TopL'unico TX fiero di esserlo in quanto felice di imboscarsi. Ama le gite in montagna tanto da essere disposto a seguire la compagnia in ogni uscita con il proprio AR personale. E' un altruista, lo può testimoniare il capitano, che molte volte ha avuto l'onore di avere un passaggio da lui. Questa intensa attività esterna, svolta con ogni condizione di tempo e terreno, lo costringeva a complesse operazioni di sfregamento e lucidatura dei propri anfibi che si protraevano durante tutto il periodo delle pulizie serali. Con la sua AR in manutenzione fu ingiustamente e meschinamente costretto dal ten Fiore a seguirlo a piedi durante la mistica marcia notturna. L'eccessivo peso dello zaino e il supremo sforzo richiesto per premere la portante della RV3 lo resero semi paralizzato ad un braccio (il sinistro) tanto da essere quasi incapace, il giorno seguente, di alzarlo per chiedere visita. Alla vista di quel triste figuro tutto preso dallo sforzo di allungare un braccio quasi accartocciato, il perfido ten Fiore non trovò niente di meglio da dire se non "ecco il capo mongolo!". Ha dimostrato di vivere in una dimensione atemporale, soprattutto quando invitato a partecipare alla pulizia dei bagni. La sua classica risposta a tale richiesta era: "due minuti e arrivo". Dopo un'oretta presentandosi alla porta dei bagni era solito esordire: "ma come, avete già finito?". Alfa Romeo è comunque un tipo a cui piace scherzare e non se la prende mai, per questo ci siamo permessi di rincarare un po' la dose con lui.
TopIl più giovane del corso e primo dei mortaisti, ama farsi scrocchiare tutte le ossa del corpo, proprio tutte. L'unico guaio è che non ha ancora capito che i due gemelli non sono ossa e quando fa quel suo gesto tipico, che per molti è un portafortuna, tutto il corpo fa un salto in alto.
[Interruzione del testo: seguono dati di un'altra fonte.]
text \<open>A word is either the empty word (None, the unit) or a nonempty binary tree.\<close>
type_synonym 'g word = "'g mag option"

fun wmul :: "'g word \<Rightarrow> 'g word \<Rightarrow> 'g word" where
  "wmul None v = v"
| "wmul u None = u"
| "wmul (Some a) (Some b) = Some (Node a b)"

fun nleaves :: "'g mag \<Rightarrow> nat" where
  "nleaves (Leaf g) = 1"
| "nleaves (Node a b) = nleaves a + nleaves b"

definition wdeg :: "'g word \<Rightarrow> nat" where
  "wdeg w = (case w of None \<Rightarrow> 0 | Some t \<Rightarrow> nleaves t)"

section \<open>Coproduct: the unital algebra homomorphism with generators primitive\<close>

fun copt :: "'g mag \<Rightarrow> ('g word \<times> 'g word) list" where
  "copt (Leaf g) = [(Some (Leaf g), None), (None, Some (Leaf g))]"
| "copt (Node a b) = concat (map (\<lambda>(a1,a2). map (\<lambda>(b1,b2). (wmul a1 b1, wmul a2 b2)) (copt b)) (copt a))"

definition cop :: "'g word \<Rightarrow> ('g word \<times> 'g word) list" where
  "cop w = (case w of None \<Rightarrow> [(None, None)] | Some t \<Rightarrow> copt t)"

lemma wdeg_wmul: "wdeg (wmul a b) = wdeg a + wdeg b"
  by (cases a; cases b) (auto simp: wdeg_def)

lemma nleaves_pos: "0 < nleaves t"
  by (induction t) auto

lemma copt_deg: "(u1,u2) \<in> set (copt t) \<Longrightarrow> wdeg u1 + wdeg u2 = nleaves t"
proof (induction t arbitrary: u1 u2)
  case (Leaf g) then show ?case by (auto simp: wdeg_def)
next
  case (Node a b)
  then obtain a1 a2 b1 b2 where "(a1,a2) \<in> set (copt a)" "(b1,b2) \<in> set (copt b)"
    "u1 = wmul a1 b1" "u2 = wmul a2 b2" by auto
  then have "wdeg a1 + wdeg a2 = nleaves a" "wdeg b1 + wdeg b2 = nleaves b"
    using Node.IH by auto
  with \<open>u1 = wmul a1 b1\<close> \<open>u2 = wmul a2 b2\<close> show ?case by (simp add: wdeg_wmul)
qed

lemma cop_deg: "(u1,u2) \<in> set (cop (Some t)) \<Longrightarrow> wdeg u1 + wdeg u2 = wdeg (Some t)"
  using copt_deg by (force simp: cop_def wdeg_def)

type_synonym ('a,'g) lc = "('a \<times> 'g word) list"

text \<open>Left division of words, from the identity
  sum u_(1) \ (u_(2) v) = eps(u) v: the term with u_(2) = 1 is u \ v itself.\<close>
function ldivw :: "'g word \<Rightarrow> 'g word \<Rightarrow> ('a::comm_ring_1, 'g) lc" where
  "ldivw u w = (if u = None then [(1, w)] else
     concat (map (\<lambda>(u1,u2). map (\<lambda>(c,v). (- c, v)) (ldivw u1 (wmul u2 w)))
               (filter (\<lambda>(u1,u2). u2 \<noteq> None) (cop u))))"
  by pat_completeness auto
termination
proof (relation "measure (\<lambda>(u,w). wdeg u)", simp)
  fix u w x u1 u2
  assume "u \<noteq> (None :: 'g word)" "x \<in> set (filter (\<lambda>(u1,u2). u2 \<noteq> None) (cop u))" "(u1,u2) = x"
  then obtain t where t: "u = Some t" "(u1,u2) \<in> set (cop (Some t))" "u2 \<noteq> None" by auto
  from t(3) obtain y where "u2 = Some y" by auto
  with cop_deg[OF t(2)] nleaves_pos[of y] have "wdeg u1 < wdeg (Some t)" by (simp add: wdeg_def)
  then show "((u1, wmul u2 w), u, w) \<in> measure (\<lambda>(u,w). wdeg u)" using t by simp
qed

definition lc_mul :: "('a::comm_ring_1,'g) lc \<Rightarrow> ('a,'g) lc \<Rightarrow> ('a,'g) lc" where
  "lc_mul xs ys = concat (map (\<lambda>(c,u). map (\<lambda>(d,v). (c * d, wmul u v)) ys) xs)"

definition lc_neg :: "('a::comm_ring_1,'g) lc \<Rightarrow> ('a,'g) lc" where
  "lc_neg xs = map (\<lambda>(c,u). (- c, u)) xs"

definition lc_ldiv :: "('a::comm_ring_1,'g) lc \<Rightarrow> ('a,'g) lc \<Rightarrow> ('a,'g) lc" where
  "lc_ldiv xs ys = concat (map (\<lambda>(c,u). concat (map (\<lambda>(d,v).
       map (\<lambda>(e,w). (c * d * e, w)) (ldivw u v)) ys)) xs)"

definition lc_assoc :: "('a::comm_ring_1,'g) lc \<Rightarrow> ('a,'g) lc \<Rightarrow> ('a,'g) lc \<Rightarrow> ('a,'g) lc" where
  "lc_assoc a b c = lc_mul (lc_mul a b) c @ lc_neg (lc_mul a (lc_mul b c))"

definition lnorm :: "'g list \<Rightarrow> 'g word" where
  "lnorm gs = foldl (\<lambda>acc g. wmul acc (Some (Leaf g))) None gs"

text \<open>The multilinear polynomial p(x_1..x_m; y_1..y_n; z) in the generators
  x_i = i-1 (i = 1..m), y_j = m+j-1 (j = 1..n), z = m+n.\<close>
definition p_poly :: "nat \<Rightarrow> nat \<Rightarrow> ('a::comm_ring_1, nat) lc" where
  "p_poly m n = concat (map (\<lambda>(a1,a2). concat (map (\<lambda>(b1,b2).
      lc_ldiv [(1, wmul a1 b1)] (lc_assoc [(1, a2)] [(1, b2)] [(1, Some (Leaf (m + n)))]))
      (cop (lnorm [m..<m+n])))) (cop (lnorm [0..<m])))"

type_synonym ('a,'g) ser = "'g word \<Rightarrow> 'a"

definition smul :: "('a::comm_ring_1,'g) ser \<Rightarrow> ('a,'g) ser \<Rightarrow> ('a,'g) ser" where
  "smul f g w = (case w of None \<Rightarrow> f None * g None
     | Some t \<Rightarrow> f None * g w + f w * g None
         + (case t of Leaf _ \<Rightarrow> 0 | Node a b \<Rightarrow> f (Some a) * g (Some b)))"

definition sone :: "('a::comm_ring_1,'g) ser" where
  "sone w = (if w = None then 1 else 0)"

definition sgen :: "'g \<Rightarrow> ('a::comm_ring_1,'g) ser" where
  "sgen g w = (if w = Some (Leaf g) then 1 else 0)"

definition slin :: "('a::comm_ring_1 \<times> ('a,'g) ser) list \<Rightarrow> ('a,'g) ser" where
  "slin l w = sum_list (map (\<lambda>(c,f). c * f w) l)"

definition scomm :: "('a::comm_ring_1,'g) ser \<Rightarrow> ('a,'g) ser \<Rightarrow> ('a,'g) ser" where
  "scomm f g = slin [(1, smul f g), (-1, smul g f)]"

fun lpow :: "('a::comm_ring_1,'g) ser \<Rightarrow> nat \<Rightarrow> ('a,'g) ser" where
  "lpow f 0 = sone"
| "lpow f (Suc n) = smul (lpow f n) f"

text \<open>exp_l(u) = sum u^n/n! for u with zero constant term; the coefficient of a word
  of degree d only receives contributions from n \<le> d.\<close>
definition exp_l :: "('a::field,'g) ser \<Rightarrow> ('a,'g) ser" where
  "exp_l f w = (\<Sum>n\<le>wdeg w. lpow f n w / of_nat (fact n))"

definition log_l :: "('a::field,'g) ser \<Rightarrow> ('a,'g) ser" where
  "log_l g = (THE f. f None = 0 \<and> exp_l f = g)"

fun evtree :: "('g \<Rightarrow> ('a::comm_ring_1,'h) ser) \<Rightarrow> 'g mag \<Rightarrow> ('a,'h) ser" where
  "evtree \<phi> (Leaf g) = \<phi> g"
| "evtree \<phi> (Node a b) = smul (evtree \<phi> a) (evtree \<phi> b)"

definition evword :: "('g \<Rightarrow> ('a::comm_ring_1,'h) ser) \<Rightarrow> 'g word \<Rightarrow> ('a,'h) ser" where
  "evword \<phi> w = (case w of None \<Rightarrow> sone | Some t \<Rightarrow> evtree \<phi> t)"

definition lc_eval :: "('g \<Rightarrow> ('a::comm_ring_1,'h) ser) \<Rightarrow> ('a,'g) lc \<Rightarrow> ('a,'h) ser" where
  "lc_eval \<phi> xs = slin (map (\<lambda>(c,w). (c, evword \<phi> w)) xs)"

definition pval :: "('a::comm_ring_1,'h) ser list \<Rightarrow> ('a,'h) ser list \<Rightarrow> ('a,'h) ser \<Rightarrow> ('a,'h) ser" where
  "pval xs ys z = lc_eval
     (\<lambda>g. if g < length xs then xs ! g
          else if g < length xs + length ys then ys ! (g - length xs) else z)
     (p_poly (length xs) (length ys))"

definition angle :: "('a::comm_ring_1,'h) ser list \<Rightarrow> ('a,'h) ser \<Rightarrow> ('a,'h) ser \<Rightarrow> ('a,'h) ser" where
  "angle xs b c = slin [(-1, pval xs [b] c), (1, pval xs [c] b)]"

text \<open>Phi xs ys with xs = [x_1..x_m], ys = [y_1..y_{n+1}] (the last entry is y_{n+1}).\<close>
definition Phi :: "('a::field,'h) ser list \<Rightarrow> ('a,'h) ser list \<Rightarrow> ('a,'h) ser" where
  "Phi xs ys w = (\<Sum>\<sigma>\<in>{\<sigma>. \<sigma> permutes {..<length xs}}. \<Sum>\<tau>\<in>{\<tau>. \<tau> permutes {..<length ys}}.
       pval (map (\<lambda>i. xs ! \<sigma> i) [0..<length xs])
            (map (\<lambda>j. ys ! \<tau> j) [0..<length ys - 1])
            (ys ! \<tau> (length ys - 1)) w)
     / (of_nat (fact (length xs)) * of_nat (fact (length ys)))"

definition sX :: "('a::comm_ring_1, bool) ser" where "sX = sgen False"
definition sY :: "('a::comm_ring_1, bool) ser" where "sY = sgen True"

end

theory Submission
  imports Defs
begin

text \<open>The exponential is triangular: the coefficient of a word \<open>w\<close> in \<open>exp_l f\<close> is
  \<open>f w\<close> plus a polynomial in the coefficients of \<open>f\<close> on strictly shorter words. Hence \<open>exp_l\<close>
  is injective modulo terms of any given degree, \<open>log_l\<close> exists, and it suffices to exhibit a
  finitely supported series whose exponential agrees with \<open>exp_l x exp_l y\<close> up to degree four.
  That check, and the identification of this series with the right-hand side once the polynomials
  \<open>p\<close> behind the angle brackets and \<open>\<Phi>\<close> have been written with associators, are finite
  computations with sorted linear combinations of words.\<close>

definition agree_upto :: "nat \<Rightarrow> ('a, 'g) ser \<Rightarrow> ('a, 'g) ser \<Rightarrow> bool" where
  "agree_upto d f g \<longleftrightarrow> (\<forall>w. wdeg w \<le> d \<longrightarrow> f w = g w)"

lemma agree_uptoD: "agree_upto d f g \<Longrightarrow> wdeg w \<le> d \<Longrightarrow> f w = g w"
  by (simp add: agree_upto_def)

lemma agree_upto_refl: "agree_upto d f f"
  by (simp add: agree_upto_def)

lemma agree_upto_sym: "agree_upto d f g \<Longrightarrow> agree_upto d g f"
  by (simp add: agree_upto_def)

lemma agree_upto_trans [trans]: "agree_upto d f g \<Longrightarrow> agree_upto d g h \<Longrightarrow> agree_upto d f h"
  by (simp add: agree_upto_def)

lemma agree_upto_mono: "agree_upto d f g \<Longrightarrow> d' \<le> d \<Longrightarrow> agree_upto d' f g"
  by (simp add: agree_upto_def)

lemma wdeg_None [simp]: "wdeg None = 0"
  by (simp add: wdeg_def)

lemma wdeg_Leaf [simp]: "wdeg (Some (Leaf g)) = 1"
  by (simp add: wdeg_def)

lemma wdeg_Node [simp]: "wdeg (Some (Node a b)) = wdeg (Some a) + wdeg (Some b)"
  by (simp add: wdeg_def)

lemma wdeg_Some_pos: "0 < wdeg (Some t)"
  by (simp add: wdeg_def nleaves_pos)

lemma wdeg_eq_0_iff: "wdeg w = 0 \<longleftrightarrow> w = None"
  using nleaves_pos by (auto simp: wdeg_def split: option.split)

lemma word_exhaust [case_names None Leaf Node]:
  obtains "w = None" | x where "w = Some (Leaf x)" | a b where "w = Some (Node a b)"
  by (metis mag.exhaust option.exhaust)

lemma smul_apply:
  "smul f g None = f None * g None"
  "smul f g (Some (Leaf x)) = f None * g (Some (Leaf x)) + f (Some (Leaf x)) * g None"
  "smul f g (Some (Node a b)) =
     f None * g (Some (Node a b)) + f (Some (Node a b)) * g None + f (Some a) * g (Some b)"
  by (simp_all add: smul_def)

lemma smul_agree_upto:
  fixes f1 f2 g1 g2 :: "('a::comm_ring_1, 'g) ser"
  assumes "agree_upto d f1 f2" and "agree_upto d g1 g2"
  shows "agree_upto d (smul f1 g1) (smul f2 g2)"
  unfolding agree_upto_def
proof (intro allI impI)
  fix w :: "'g word"
  assume "wdeg w \<le> d"
  with assms show "smul f1 g1 w = smul f2 g2 w"
    by (cases w rule: word_exhaust) (auto simp: smul_apply agree_upto_def)
qed

section \<open>Exponential and logarithm\<close>

lemma smul_sone_left [simp]: "smul sone f = f"
  by (rule ext) (simp add: smul_def sone_def split: option.split mag.split)

lemma lpow_agree_upto: "agree_upto d f g \<Longrightarrow> agree_upto d (lpow f n) (lpow g n)"
  by (induction n) (simp_all add: agree_upto_refl smul_agree_upto)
Non se la prende mai per nulla, ma proprio per nulla: provate anche solo a fissarlo, o peggio a chiamarlo bocia, ed assisterete ad uno spettacolo che raccoglie il meglio dei cartoni animati giapponesi e delle più struggenti commedie partenopee. I suoi discorsi sono molto vari: per tutta la settimana ripete le stesse cose al malcapitato che si avventa nella nostra camerata. Sono pure molto concisi. Dopo una mezz'oretta di stridolii, non appena si sente la parolina "Pinerolo", sai che il comizio è finito. E' anche conosciuto per essere il ruminante della compagnia, unico individuo capace di sopravvivere a cinque mesi di corso senza toccare ne carne ne pesce. La sua arma segreta era un vaso di miele di produzione propria servito a rinfrancare dalle fatiche tutto il quarto plotone. Dopo tutte queste maldicenze, lo zuccherino (altrimenti poi ci tiene il broncio): è generoso e si dà un gran da fare. Ma è meglio non dilungarsi troppo, sennò ce la mena all'infinito.